Using the entries below, write out the line with "using Ax Bu", the line with "then show ?thesis", and every line in between, exactly as each is written.

[Stored data]

*****

lemma dual_obj_shift_seq_certificate:
  fixes A B F G V Q R :: "real mat"
  assumes A: "A \<in> carrier_mat nx nx" and B: "B \<in> carrier_mat nx nw"
    and F: "F \<in> carrier_mat nc nx" and G: "G \<in> carrier_mat nc nw"
    and V: "V \<in> carrier_mat nv nw" and Q: "Q \<in> carrier_mat nq nx" and R: "R \<in> carrier_mat nr nw"
    and h: "h \<in> carrier_vec nc"
    and feas: "dual_feasible A B F G V Q R (Suc T) lam rho mu nlo nup sig"
    and rho0: "rho 0 = 0\<^sub>v nq" and sig0: "sig 0 = 0\<^sub>v nr"
    and x: "x \<in> carrier_vec nx" and u: "u \<in> carrier_vec nw" and e: "e \<in> carrier_vec nx"
    and lo0: "lo 0 \<in> carrier_vec nv" and up0: "up 0 \<in> carrier_vec nv"
  shows "dual_obj h (Suc T) (shift_seq T lo' lo) (shift_seq T up' up) (A *\<^sub>v x + B *\<^sub>v u + e)
           (shift_seq (Suc T) (0\<^sub>v nx) lam) (shift_seq (Suc T) (0\<^sub>v nq) rho)
           (shift_seq T (0\<^sub>v nc) mu) (shift_seq T (0\<^sub>v nv) nlo) (shift_seq T (0\<^sub>v nv) nup)
           (shift_seq T (0\<^sub>v nr) sig)
         = dual_obj h (Suc T) lo up x lam rho mu nlo nup sig
           + ((h - F *\<^sub>v x - G *\<^sub>v u) \<bullet> mu 0 + (V *\<^sub>v u - lo 0) \<bullet> nlo 0
              + (up 0 - V *\<^sub>v u) \<bullet> nup 0)
           - lam 1 \<bullet> e"
proof -
  have dims: "dim_row A = nx" "dim_col A = nx" "dim_col B = nw" "dim_row F = nc"
    "dim_row V = nv" "dim_row Q = nq" "dim_row R = nr"
    using assms by auto
  note f = feas[unfolded dual_feasible_def dims]
  have lam: "lam 0 \<in> carrier_vec nx" "lam 1 \<in> carrier_vec nx"
    and mu: "mu 0 \<in> carrier_vec nc" and nlo: "nlo 0 \<in> carrier_vec nv"
    and nup: "nup 0 \<in> carrier_vec nv"
    using f by auto
  have Ax: "A *\<^sub>v x \<in> carrier_vec nx" and Bu: "B *\<^sub>v u \<in> carrier_vec nx"
    and Fx: "F *\<^sub>v x \<in> carrier_vec nc" and Gu: "G *\<^sub>v u \<in> carrier_vec nc"
    and Vu: "V *\<^sub>v u \<in> carrier_vec nv"
    using assms by simp_all
  have "x \<bullet> lam 0 = lam 1 \<bullet> (A *\<^sub>v x) - mu 0 \<bullet> (F *\<^sub>v x) - rho 0 \<bullet> (Q *\<^sub>v x)"
    by (rule state_equation_scalar_prod[OF A F Q x lam mu]) (use f rho0 in \<open>auto simp: One_nat_def\<close>)
  then have state: "x \<bullet> lam 0 = lam 1 \<bullet> (A *\<^sub>v x) - mu 0 \<bullet> (F *\<^sub>v x)"
    using Q x rho0 by simp
  have "lam 1 \<bullet> (B *\<^sub>v u) = sig 0 \<bullet> (R *\<^sub>v u) + mu 0 \<bullet> (G *\<^sub>v u) + (nup 0 - nlo 0) \<bullet> (V *\<^sub>v u)"
    by (rule input_equation_scalar_prod[OF B G V R u lam(2) mu nlo nup])
      (use f sig0 in \<open>auto simp: One_nat_def\<close>)
  then have input: "lam 1 \<bullet> (B *\<^sub>v u) = mu 0 \<bullet> (G *\<^sub>v u) + nup 0 \<bullet> (V *\<^sub>v u) - nlo 0 \<bullet> (V *\<^sub>v u)"
    using R u sig0 minus_scalar_prod_distrib[OF nup nlo Vu] by simp
  have next_state: "(A *\<^sub>v x + B *\<^sub>v u + e) \<bullet> lam 1
      = lam 1 \<bullet> (A *\<^sub>v x) + lam 1 \<bullet> (B *\<^sub>v u) + lam 1 \<bullet> e"
    using Ax Bu e lam comm_scalar_prod[OF Ax lam(2)] comm_scalar_prod[OF Bu lam(2)]
      comm_scalar_prod[OF e lam(2)]
    by (simp add: add_scalar_prod_distrib[of _ nx])
  have slack: "(h - F *\<^sub>v x - G *\<^sub>v u) \<bullet> mu 0 + (V *\<^sub>v u - lo 0) \<bullet> nlo 0
      + (up 0 - V *\<^sub>v u) \<bullet> nup 0
      = h \<bullet> mu 0 - mu 0 \<bullet> (F *\<^sub>v x) - mu 0 \<bullet> (G *\<^sub>v u) + nlo 0 \<bullet> (V *\<^sub>v u) - lo 0 \<bullet> nlo 0
        + up 0 \<bullet> nup 0 - nup 0 \<bullet> (V *\<^sub>v u)"
    using h Fx Gu Vu mu nlo nup lo0 up0 comm_scalar_prod[OF Fx mu] comm_scalar_prod[OF Gu mu]
      comm_scalar_prod[OF Vu nlo] comm_scalar_prod[OF Vu nup]
    by (simp add: minus_scalar_prod_distrib[of _ nc] minus_scalar_prod_distrib[of _ nv])
  have "sqn ((1/2) \<cdot>\<^sub>v rho 0) = 0" "sqn ((1/2) \<cdot>\<^sub>v sig 0) = 0"
    by (simp_all add: rho0 sig0 sqn_def scalar_prod_def)
  then show ?thesis
    using dual_obj_shift_seq[of h T lo' lo up' up "A *\<^sub>v x + B *\<^sub>v u + e" nx lam nq rho nc mu
        nv nlo nup nr sig x] state input next_state slack
    by simp
qed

*****

## Problem solution
    using Ax Bu e lam comm_scalar_prod[OF Ax lam(2)] comm_scalar_prod[OF Bu lam(2)]
      comm_scalar_prod[OF e lam(2)]
    by (simp add: add_scalar_prod_distrib[of _ nx])
  have slack: "(h - F *\<^sub>v x - G *\<^sub>v u) \<bullet> mu 0 + (V *\<^sub>v u - lo 0) \<bullet> nlo 0
      + (up 0 - V *\<^sub>v u) \<bullet> nup 0
      = h \<bullet> mu 0 - mu 0 \<bullet> (F *\<^sub>v x) - mu 0 \<bullet> (G *\<^sub>v u) + nlo 0 \<bullet> (V *\<^sub>v u) - lo 0 \<bullet> nlo 0
        + up 0 \<bullet> nup 0 - nup 0 \<bullet> (V *\<^sub>v u)"
    using h Fx Gu Vu mu nlo nup lo0 up0 comm_scalar_prod[OF Fx mu] comm_scalar_prod[OF Gu mu]
      comm_scalar_prod[OF Vu nlo] comm_scalar_prod[OF Vu nup]
    by (simp add: minus_scalar_prod_distrib[of _ nc] minus_scalar_prod_distrib[of _ nv])
  have "sqn ((1/2) \<cdot>\<^sub>v rho 0) = 0" "sqn ((1/2) \<cdot>\<^sub>v sig 0) = 0"
    by (simp_all add: rho0 sig0 sqn_def scalar_prod_def)
  then show ?thesis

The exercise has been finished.